Я икнула, утратив на какое-то время дар речи. Потом все же решилась спросить:
— А вы… Вы никогда не нападали на людей?
Лил фыркнула:
— А зачем нам это? Наши земли богаты и плодородны, мы не используем проклятую магию, которая уничтожает все живое, вытягивает соки из земли, опустошая ее богатства. Мы едины с землей, а значит, и с самой жизнью, что течет по жилам каждого дерева, каждой, даже самой крохотной мошки. Мы сильнее, быстрее, смелее, мы более неуязвимы. Были. Пока не пришли вы, плодящиеся, как крысы, как насекомые, и не принялись вытеснять нас с плодородных земель. Мы заключили с вами мир, уступив вам обжитые места… И что вы сделали с ними за какие-то сотни лет? Думаешь, я не вижу, как тебе все здесь внове? Деревья, целебная сила источника… Вы исчерпали богатства земли, а когда опомнились, принялись заново насаждать леса, возделывать почву… Но было поздно. Земля утратила свое богатство, и тогда вы, вместо того чтобы отказаться от проклятой магии, решили истребить нас и снова занять наши земли!
Никогда никто из оборотней не говорил со мной так много и эмоционально. Мне показалось даже, что в уголках ее глаз заблестело, словно капли росы на желтых листьях, но Лил быстро заморгала, поднимая лицо к небу, и я смущенно отвернулась.

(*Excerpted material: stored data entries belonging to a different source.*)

(* For each integer $n\ge0$ let $$f_n(x)=\frac{2}{\sqrt{\pi}}\sum_{k=0}^{n} c_{n,k}\,x^{k+1}\Big[p(k,0)+(-1)^k p(k,x)e^{-x^2}\Big]$$ and $\varepsilon_n(x)=\operatorname{erf}(x)-f_n(x)$. Then for every fixed $x>0$, $$\lim_{n\to\infty}\varepsilon_n'(x)=0,\qquad \lim_{n\to\infty}\varepsilon_n(x)=0,\qquad \lim_{n\to\infty}f_n(x)=\operatorname{erf}(x).$$ The convergence of $f_n$ to $\operatorname{erf}$ on $x>0$ is not uniform.
   Context: $\operatorname{erf}(x)=\frac{2}{\sqrt{\pi}}\int_0^x e^{-\lambda^2}\,d\lambda$. For integers $0\le k\le n$, $c_{n,k}=\frac{n!}{(n-k)!\,(k+1)!}\cdot\frac{(2n+1-k)!}{2\,(2n+1)!}$. The polynomials $p(k,x)$ are defined recursively by $p(0,x)=1$ and $p(k,x)=\frac{d}{dx}p(k-1,x)-2x\,p(k-1,x)$ for $k\ge1$. *)

theory Defs
  imports "HOL-Analysis.Analysis" "HOL-Computational_Algebra.Polynomial"
begin

definition erf :: "real \<Rightarrow> real" where
  "erf x = 2 / sqrt pi *
     (if 0 \<le> x then integral {0..x} (\<lambda>t. exp (- (t^2)))
      else - integral {x..0} (\<lambda>t. exp (- (t^2))))"

definition c_coef :: "nat \<Rightarrow> nat \<Rightarrow> real" where
  "c_coef n k = fact n / (fact (n - k) * fact (k + 1)) *
                (fact (2 * n + 1 - k) / (2 * fact (2 * n + 1)))"

fun p_poly :: "nat \<Rightarrow> real poly" where
  "p_poly 0 = 1"
| "p_poly (Suc k) = pderiv (p_poly k) - [:0, 2:] * p_poly k"

definition p :: "nat \<Rightarrow> real \<Rightarrow> real" where
  "p k x = poly (p_poly k) x"

definition f_approx :: "nat \<Rightarrow> real \<Rightarrow> real" where
  "f_approx n x = 2 / sqrt pi *
     (\<Sum>k=0..n. c_coef n k * x ^ (k + 1) *
        (p k 0 + (-1) ^ k * p k x * exp (- (x^2))))"

definition eps_err :: "nat \<Rightarrow> real \<Rightarrow> real" where
  "eps_err n x = erf x - f_approx n x"

end

(* The functions G_k(t) = p(k,t) e^(-t^2) are the derivatives of the Gaussian, so Cauchy's
   inequality for the entire function e^(-z^2) on circles of radius 2y gives
   y^k |G_k(t)| <= k! e^(4y^2) / 2^k.

   Integrate psi(s) = s^(n+1) (1-s)^(n+1) against the (2n+2)-nd derivative of s |-> e^(-(ys)^2)
   over [0,1] by parts 2n+2 times. The last term is a multiple of the integral of e^(-t^2) over
   [0,y], and since psi vanishes to order n+1 at both ends and is symmetric about 1/2, the
   boundary terms are exactly the terms of f_n(y). Hence
     eps_n(y) = 2/sqrt(pi) * (-1)^(n+1) / (2n+2)! * int_0^1 y^(2n+3) psi(s) G_(2n+2)(ys) ds,
   and the Cauchy bound makes eps_n(y), and after differentiating under the integral sign also
   eps_n'(y), decay like n 4^(-n).

   Convergence is not uniform on (0,oo): each f_n is a nonconstant polynomial plus a polynomial
   times e^(-x^2), hence unbounded, whereas 0 <= erf <= sqrt(pi) there. *)

theory Submission
  imports Defs "HOL-Complex_Analysis.Complex_Analysis" "HOL-Real_Asymp.Real_Asymp"
    "HOL-Computational_Algebra.Fundamental_Theorem_Algebra"
begin

section \<open>Derivatives of the Gaussian\<close>

definition gauss_deriv :: "nat \<Rightarrow> real \<Rightarrow> real" where
  "gauss_deriv k t = p k t * exp (- (t^2))"

lemma has_real_derivative_gauss_deriv [derivative_intros]:
  assumes "(f has_real_derivative f') (at x within S)"
  shows "((\<lambda>x. gauss_deriv k (f x)) has_real_derivative gauss_deriv (Suc k) (f x) * f')
           (at x within S)"
  unfolding gauss_deriv_def p_def
  using assms by (auto intro!: derivative_eq_intros simp: algebra_simps)

lemma continuous_on_gauss_deriv [continuous_intros]:
  "continuous_on S f \<Longrightarrow> continuous_on S (\<lambda>x. gauss_deriv k (f x))"
  unfolding gauss_deriv_def p_def by (intro continuous_intros)

lemma poly_map_poly_of_real:
  "poly (map_poly of_real q) (of_real t :: 'a::{real_algebra_1,comm_semiring_0}) = of_real (poly q t)"
  by (induction q) (auto simp: map_poly_pCons)

lemma map_poly_of_real_p_poly_Suc:
  "map_poly (of_real :: real \<Rightarrow> complex) (p_poly (Suc k))
     = pderiv (map_poly of_real (p_poly k)) - [:0, 2:] * map_poly of_real (p_poly k)"
  by (rule poly_eqI)
     (auto simp: coeff_map_poly coeff_pderiv coeff_pCons mult_pCons_left split: nat.splits)

lemma higher_deriv_gaussian:
  "(deriv ^^ k) (\<lambda>z::complex. exp (- (z^2)))
     = (\<lambda>z. poly (map_poly of_real (p_poly k)) z * exp (- (z^2)))"
proof (induction k)
  case (Suc k)
  have "((\<lambda>z. poly (map_poly of_real (p_poly k)) z * exp (- (z^2))) has_field_derivative
          poly (map_poly of_real (p_poly (Suc k))) z * exp (- (z^2))) (at z)" for z :: complex
    by (auto intro!: derivative_eq_intros simp: map_poly_of_real_p_poly_Suc algebra_simps
             simp del: p_poly.simps)
  then show ?case
    by (auto simp: Suc.IH fun_eq_iff intro!: DERIV_imp_deriv)
qed simp

lemma abs_gauss_deriv_le:
  assumes "R > 0"
  shows "\<bar>gauss_deriv k t\<bar> \<le> fact k * exp (R^2) / R^k"
proof -
  have "norm ((deriv ^^ k) (\<lambda>z::complex. exp (- (z^2))) (of_real t)) \<le> fact k * exp (R^2) / R^k"
  proof (rule Cauchy_inequality)
    fix z :: complex
    assume "norm (of_real t - z) = R"
    then have "\<bar>Im z\<bar> \<le> R"
      using abs_Im_le_cmod[of "of_real t - z"] by simp
    then have "(Im z)^2 \<le> R^2"
      using assms abs_le_square_iff[of "Im z" R] by simp
    then have "(Im z)^2 - (Re z)^2 \<le> R^2"
      using zero_le_power2[of "Re z"] by linarith
    then show "norm (exp (- (z^2))) \<le> exp (R^2)"
      by (simp add: power2_eq_square)
  qed (use assms in \<open>auto intro!: holomorphic_intros continuous_intros\<close>)
  moreover have "exp (- ((of_real t :: complex)^2)) = of_real (exp (- (t^2)))"
    using exp_of_real[of "- (t^2)"] by simp
  ultimately show ?thesis
    by (simp add: higher_deriv_gaussian poly_map_poly_of_real gauss_deriv_def p_def
             flip: of_real_mult)
qed

lemma scaled_abs_gauss_deriv_le:
  assumes "y > 0"
  shows "y^k * \<bar>gauss_deriv k t\<bar> \<le> fact k * exp (4 * y^2) / 2^k"
proof -
  have "y^k * \<bar>gauss_deriv k t\<bar> \<le> y^k * (fact k * exp ((2*y)^2) / (2*y)^k)"
    using abs_gauss_deriv_le[of "2*y" k t] assms by (intro mult_left_mono) auto
  also have "\<dots> = fact k * exp (4 * y^2) / 2^k"
    using assms by (simp add: power_mult_distrib)
  finally show ?thesis .
qed

section \<open>The weight polynomial\<close>

definition psi_poly :: "nat \<Rightarrow> real poly" where
  "psi_poly n = monom 1 (n+1) * [:1, -1:]^(n+1)"

lemma poly_psi_poly: "poly (psi_poly n) s = s^(n+1) * (1 - s)^(n+1)"
proof -
  have "poly [:1, -1:] s = 1 - s"
    by simp
  then show ?thesis
    by (simp only: psi_poly_def poly_mult poly_monom poly_power mult_1)
qed

lemma abs_poly_psi_poly_le_1: "s \<in> {0..1} \<Longrightarrow> \<bar>poly (psi_poly n) s\<bar> \<le> 1"
  unfolding poly_psi_poly by (auto simp: abs_mult intro!: mult_le_one power_le_one)

lemma coeff_one_minus_x_power:
  "coeff ([:1, -1:]^N :: 'a::comm_ring_1 poly) i = (-1)^i * of_nat (N choose i)"
proof (induction N arbitrary: i)
  case (Suc N)
  have "coeff ([:1, -1:]^Suc N :: 'a poly) i
          = coeff ([:1, -1:]^N) i - (if i = 0 then 0 else coeff ([:1, -1:]^N) (i - 1))"
    by (cases i) (auto simp: mult_pCons_left coeff_pCons)
  also have "\<dots> = (-1)^i * of_nat (Suc N choose i)"
    by (cases i) (auto simp: Suc.IH algebra_simps)
  finally show ?case .
qed (auto simp: coeff_1 binomial_eq_0)

lemma coeff_psi_poly:
  "coeff (psi_poly n) j
     = (if j < n+1 then 0 else (-1)^(j-(n+1)) * of_nat ((n+1) choose (j-(n+1))))"
  unfolding psi_poly_def coeff_monom_mult coeff_one_minus_x_power by simp

lemma degree_psi_poly_le: "degree (psi_poly n) \<le> 2*n+2"
  by (rule degree_le) (auto simp: coeff_psi_poly binomial_eq_0)

lemma psi_poly_reflect: "pcompose (psi_poly n) [:1, -1:] = psi_poly n"
  by (subst poly_eq_poly_eq_iff[symmetric]) (simp add: fun_eq_iff poly_pcompose poly_psi_poly)

lemma higher_pderiv_pcompose_reflect:
  fixes q :: "'a::idom poly"
  shows "(pderiv ^^ j) (pcompose q [:1, -1:])
           = smult ((-1)^j) (pcompose ((pderiv ^^ j) q) [:1, -1:])"
proof (induction j)
  case (Suc j)
  have "pderiv [:1, -1 :: 'a:] = [:-1:]"
    by (simp add: pderiv_pCons)
  then show ?case
    by (simp add: Suc.IH pderiv_smult pderiv_pcompose)
qed simp

lemma poly_higher_pderiv_at_0:
  fixes q :: "'a::{comm_semiring_1,semiring_no_zero_divisors,semiring_char_0} poly"
  shows "poly ((pderiv ^^ j) q) 0 = fact j * coeff q j"
  by (simp add: poly_0_coeff_0 coeff_higher_pderiv flip: pochhammer_fact)

lemma higher_pderiv_eq_const:
  fixes q :: "'a::{comm_semiring_1,semiring_no_zero_divisors,semiring_char_0} poly"
  assumes "degree q \<le> m"
  shows "(pderiv ^^ m) q = [:fact m * coeff q m:]"
proof (rule poly_eqI)
  fix i
  show "coeff ((pderiv ^^ m) q) i = coeff [:fact m * coeff q m:] i"
    using assms by (cases i) (auto simp: coeff_higher_pderiv coeff_eq_0 coeff_pCons
                                   simp flip: pochhammer_fact)
qed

Я вспомнила святые писания, картинки, на которых страшные оборотни пьют кровь младенцев и обмазываются ею для своих страшных ритуалов… Как звери скачут в диких танцах вокруг костров, размахивая отрубленными человеческими головами. Церковь и все святые писания учат, что оборотни — дети дьявола, само его воплощение на бедной грешной земле. Страшные, дикие каннибалы, поедающие людей и друг друга, опасные животные, подлежащие истреблению, пока они не пришли и не истребили нас… Но здесь я пока ни разу не видела ничего подобного. Оборотни — конечно, дикие, непонятные, страшные. Но они не едят друг друга и людей, это, пожалуй, точно. А еще они любят своих детей и вряд ли причинили бы вред чужим. И я… Чужачка, но вопреки всем учениям Церкви, все еще жива.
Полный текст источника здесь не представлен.